YetAnotherNick · on May 24, 2021

> We’ve known for decades that RISC was the “right” design, but x86 was so far ahead of everyone else that switching architectures was completely infeasible

All the experts I listened or read to, they told that instruction set doesn't matter and it is the insignificant thing. The part that matters is branch and data prediction, and caching. Also, even intel transforms an instruction into RISC like microinstructions internally.

> Apple does not have to worry about backwards compatibility very much compared to a Windows-based manufacturer

Windows is literal shit in backwards compatibility too. Try to run any windows 7 or before program in windows 10 and most of the time it won't work. Also, windows can also run in ARM and unlike mac the ARM windows didn't had emulation for years.

jasonwatkinspdx · on May 25, 2021

> All the experts I listened or read to, they told that instruction set doesn't matter and it is the insignificant thing. The part that matters is branch and data prediction, and caching. Also, even intel transforms an instruction into RISC like microinstructions internally.

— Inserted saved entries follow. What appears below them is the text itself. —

lemma generate_imp_word_prod:
  assumes "S \<subseteq> carrier G" "h \<in> generate G S"
  shows "\<exists>w. set w \<subseteq> S \<union> (\<lambda>s. inv s) ` S \<and> word_prod G w = h"
  using assms(2)
proof (induction rule: generate.induct)
  case one
  show ?case by (intro exI[of _ "[]"]) simp
next
  case (incl h)
  then show ?case using assms(1) by (intro exI[of _ "[h]"]) auto
next
  case (inv h)
  then show ?case using assms(1) by (intro exI[of _ "[inv h]"]) auto
next
  case (eng h1 h2)
  then obtain w1 w2 where w1: "set w1 \<subseteq> S \<union> (\<lambda>s. inv s) ` S" "word_prod G w1 = h1"
      and w2: "set w2 \<subseteq> S \<union> (\<lambda>s. inv s) ` S" "word_prod G w2 = h2"
    by blast
  have "S \<union> (\<lambda>s. inv s) ` S \<subseteq> carrier G"
    using assms(1) by auto
  then have "set w1 \<subseteq> carrier G" "set w2 \<subseteq> carrier G"
    using w1(1) w2(1) by blast+
  then show ?case
    using w1 w2 by (intro exI[of _ "w1 @ w2"]) (simp add: word_prod_append)
qed

lemma ord_word_prod_rotate:
  assumes "set w \<subseteq> carrier G"
  shows "ord (word_prod G (rotate s w)) = ord (word_prod G w)"
proof -
  let ?k = "s mod length w"
  have take: "set (take ?k w) \<subseteq> carrier G" and drop: "set (drop ?k w) \<subseteq> carrier G"
    using assms by (meson order_trans set_take_subset set_drop_subset)+
  have "ord (word_prod G (rotate s w)) = ord (word_prod G (drop ?k w) \<otimes> word_prod G (take ?k w))"
    by (simp add: rotate_drop_take word_prod_append[OF drop take])
  also have "\<dots> = ord (word_prod G (take ?k w) \<otimes> word_prod G (drop ?k w))"
    using take drop by (simp add: ord_mult_swap)
  also have "\<dots> = ord (word_prod G w)"
    by (simp flip: word_prod_append[OF take drop])
  finally show ?thesis .
qed

lemma word_prod_power_prefix_neq_one:
  assumes T: "T \<subseteq> carrier G" and u: "set u \<subseteq> T" "ord (word_prod G u) = 0"
    and shortest: "\<And>v. set v \<subseteq> T \<Longrightarrow> length v < length u \<Longrightarrow> ord (word_prod G v) \<noteq> 0"
    and r: "r < length u" and qr: "0 < q \<or> 0 < r"
  shows "word_prod G (concat (replicate q u) @ take r u) \<noteq> \<one>"
proof
  assume one: "word_prod G (concat (replicate q u) @ take r u) = \<one>"
  define g a b where "g = word_prod G u" and "a = word_prod G (take r u)"
    and "b = word_prod G (drop r u)"
  have uC: "set u \<subseteq> carrier G"
    using T u(1) by blast
  then have takeC: "set (take r u) \<subseteq> carrier G" and dropC: "set (drop r u) \<subseteq> carrier G"
    by (meson order_trans set_take_subset set_drop_subset)+
  then have carrier: "g \<in> carrier G" "a \<in> carrier G" "b \<in> carrier G"
    using uC by (simp_all add: g_def a_def b_def)
  have g_ab: "g = a \<otimes> b"
    using word_prod_append[OF takeC dropC] by (simp add: g_def a_def b_def)
  have "set (concat (replicate q u)) \<subseteq> carrier G"
    using uC by auto
  then have ga: "g [^] q \<otimes> a = \<one>"
    using one uC takeC by (simp add: word_prod_append word_prod_concat_replicate g_def a_def)
  show False
  proof (cases "r = 0")
    case True
    then have "g [^] q = \<one>"
      using ga carrier by (simp add: a_def)
    then show False
      using True qr u(2) carrier by (simp add: g_def ord_eq_0)
  next
    case False
    have "g [^] Suc q = (g [^] q \<otimes> a) \<otimes> b"
      using carrier g_ab by (simp add: m_assoc)
    also have "\<dots> = b"
      using ga carrier by simp
    finally have "ord b = 0"
      using u(2) carrier by (metis g_def ord_pow_gen div_0 nat.distinct(1))
    moreover have "set (drop r u) \<subseteq> T"
      using u(1) by (meson order_trans set_drop_subset)
    ultimately show False
      using shortest[of "drop r u"] False r by (simp add: b_def)
  qed
qed

lemma periodic_point_in_skeleton_if_infinite_order:
  assumes S: "S \<subseteq> carrier G" and g: "g \<in> generate G S" "ord g = 0"
  shows "\<exists>x \<in> skeleton G S. periodic x"
proof -
  define T where "T = S \<union> (\<lambda>s. inv s) ` S"
  have T: "T \<subseteq> carrier G"
    using S by (auto simp: T_def)
  obtain w0 where "set w0 \<subseteq> T" "ord (word_prod G w0) = 0"
    using generate_imp_word_prod[OF S g(1)] g(2) by (auto simp: T_def)
  then obtain w where w: "set w \<subseteq> T" "ord (word_prod G w) = 0"
    and shortest: "\<And>v. set v \<subseteq> T \<Longrightarrow> ord (word_prod G v) = 0 \<Longrightarrow> length w \<le> length v"
    using ex_has_least_nat[of "\<lambda>v. set v \<subseteq> T \<and> ord (word_prod G v) = 0" w0 length] by blast
  have "w \<noteq> []"
    using w(2) by auto
  let ?x = "periodic_extension w"
  have "?x \<in> skeleton G S"
    unfolding skeleton_def
  proof (intro CollectI conjI allI impI)
    show "?x i \<in> S \<union> (\<lambda>s. inv s) ` S" for i
      using periodic_extension_in_set[OF \<open>w \<noteq> []\<close>] w(1) by (auto simp: T_def)
  next
    fix i j :: int
    assume "i \<le> j"
    define u where "u = rotate (nat (i mod int (length w))) w"
    define m where "m = nat (j - i + 1)"
    have "map ?x [i..j] = concat (replicate (m div length u) u) @ take (m mod length u) u"
      using map_periodic_extension_upto[OF \<open>w \<noteq> []\<close> \<open>i \<le> j\<close>] by (simp add: u_def m_def)
    moreover have "word_prod G (concat (replicate (m div length u) u) @ take (m mod length u) u) \<noteq> \<one>"
    proof (rule word_prod_power_prefix_neq_one[OF T])
      show "set u \<subseteq> T"
        using w(1) by (simp add: u_def)
      show "ord (word_prod G u) = 0"
        using w T by (simp add: u_def ord_word_prod_rotate)
      show "ord (word_prod G v) \<noteq> 0" if "set v \<subseteq> T" "length v < length u" for v
        using shortest[OF that(1)] that(2) by (force simp: u_def)
      show "m mod length u < length u"
        using \<open>w \<noteq> []\<close> by (simp add: u_def)
      have "m > 0"
        using \<open>i \<le> j\<close> by (simp add: m_def)
      then show "0 < m div length u \<or> 0 < m mod length u"
        by (metis div_mult_mod_eq add_0 mult_0 neq0_conv)
    qed
    ultimately show "word_prod G (map ?x [i..j]) \<noteq> \<one>"
      by simp
  qed
  then show ?thesis
    using periodic_periodic_extension[OF \<open>w \<noteq> []\<close>] by blast
qed

lemma aperiodic_skeleton_if_torsion:
  assumes torsion: "torsion_group G" and S: "S \<subseteq> carrier G"
  shows "aperiodic (skeleton G S)"
  unfolding aperiodic_def
proof (intro ballI notI)
  fix x
  assume x: "x \<in> skeleton G S" and "periodic x"
  from \<open>periodic x\<close> obtain K where "K > 0" and K: "\<And>i. x (i + int K) = x i"
    by (rule periodic_obtain_positive_period) blast
  define f where "f k = x (int k)" for k
  define g where "g = word_prod G (map f [0..<K])"
  have "x i \<in> carrier G" for i
    using skeletonD(1)[OF x, of i] S by auto
  then have fC: "set (map f [0..<K]) \<subseteq> carrier G"
    by (auto simp: f_def)
  define d where "d = ord g"
  have "d > 0"
    using torsion fC by (simp add: torsion_group_iff_ord g_def d_def)
  then have "d * K > 0"
    using \<open>K > 0\<close> by simp
  then have "map x [0..int (d * K) - 1] = map f [0..<d * K + 0]"
    by (simp add: map_upto_eq_map_upt f_def[abs_def] flip: of_nat_mult)
  also have "\<dots> = concat (replicate d (map f [0..<K])) @ map f [0..<0]"
    by (rule map_upt_periodic) (simp add: f_def K)
  finally have "word_prod G (map x [0..int (d * K) - 1]) = g [^] d"
    using word_prod_concat_replicate[OF fC] by (simp add: g_def)
  also have "\<dots> = \<one>"
    using fC by (simp add: g_def d_def)
  finally show False
    using skeletonD(2)[OF x, of 0 "int (d * K) - 1"] \<open>d * K > 0\<close> by simp
qed

end

theorem proposition9:
  fixes G (structure) and S :: "'a set"
  assumes "group G" and "S \<subseteq> carrier G" and "finite S"
    and "generate G S = carrier G"
  shows "torsion_group G \<longleftrightarrow> aperiodic (skeleton G S)"
proof -
  interpret group G by fact
  show ?thesis
  proof
    assume "torsion_group G"
    then show "aperiodic (skeleton G S)"
      using assms(2) by (rule aperiodic_skeleton_if_torsion)
  next
    assume "aperiodic (skeleton G S)"
    then show "torsion_group G"
      using periodic_point_in_skeleton_if_infinite_order[OF assms(2)] assms(4)
      by (auto simp: torsion_group_iff_ord aperiodic_def)
  qed
qed

end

That's commonly repeated, but is a misunderstanding. Up until this point the difference was mostly that an x86 decoder took up more chip area, which given Intel's historical leads in process tech was no big deal to them.

However now we're pushing chips to go wider than ever. Intel and AMD haven't been able to push past a 4x superscalar decoder. The instruction set just has too many potential chained dependencies to make it work. You'd have to slow cycle time or introduce additional pipeline stages such that performance in the net is worse. Meanwhile M1 decodes at 8x.

This dovetails into what you're saying about stalls caused by prediction and caching. Once the stall is resolved M1 can race ahead, assigning work into the shadow registers at potentially twice the peak rate.

You're being a bit hyperbolic about Windows backwards compatibility. Much of the enterprise software world is still running programs that were written against windows XP just fine, and MS is not going to rock that boat any time soon.

The big difference with Apple's transition is precisely due to the translation (note not emulation). I've lived through 3 of their ISA changes now and they've all been nearly seamless. The big difference is Mac users have been ok with sunsetting the old apps ~5 years after the transition, something that's a total nonstarter in Windows land.

Rosetta2 is so stinking fast I have not even had to think one whip about what's native vs translated.

leucineleprec0n · on May 25, 2021

"That's commonly repeated, but is a misunderstanding. Up until this point the difference was mostly that an x86 decoder took up more chip area, which given Intel's historical leads in process tech was no big deal to them. However now we're pushing chips to go wider than ever. Intel and AMD haven't been able to push past a 4x superscalar decoder. The instruction set just has too many potential chained dependencies to make it work. You'd have to slow cycle time or introduce additional pipeline stages such that performance in the net is worse. Meanwhile M1 decodes at 8x."

Thank you, for the love of Christ why people regurgitate this [half-truth about the decoders] consciously without realizing what they are implying is beyond me. Sure, in a world where Apple, ARM. et. al were slow, maybe it would be a relevant defense. But they're playing ball, and MS/Intel haven't been up to bat with it the home turf truly on the line for years. Likely Intel will shift over to fabs for third-parties, MS is fine without Windows were it to fade out to Chrome/MacOS in time (unlikey but still).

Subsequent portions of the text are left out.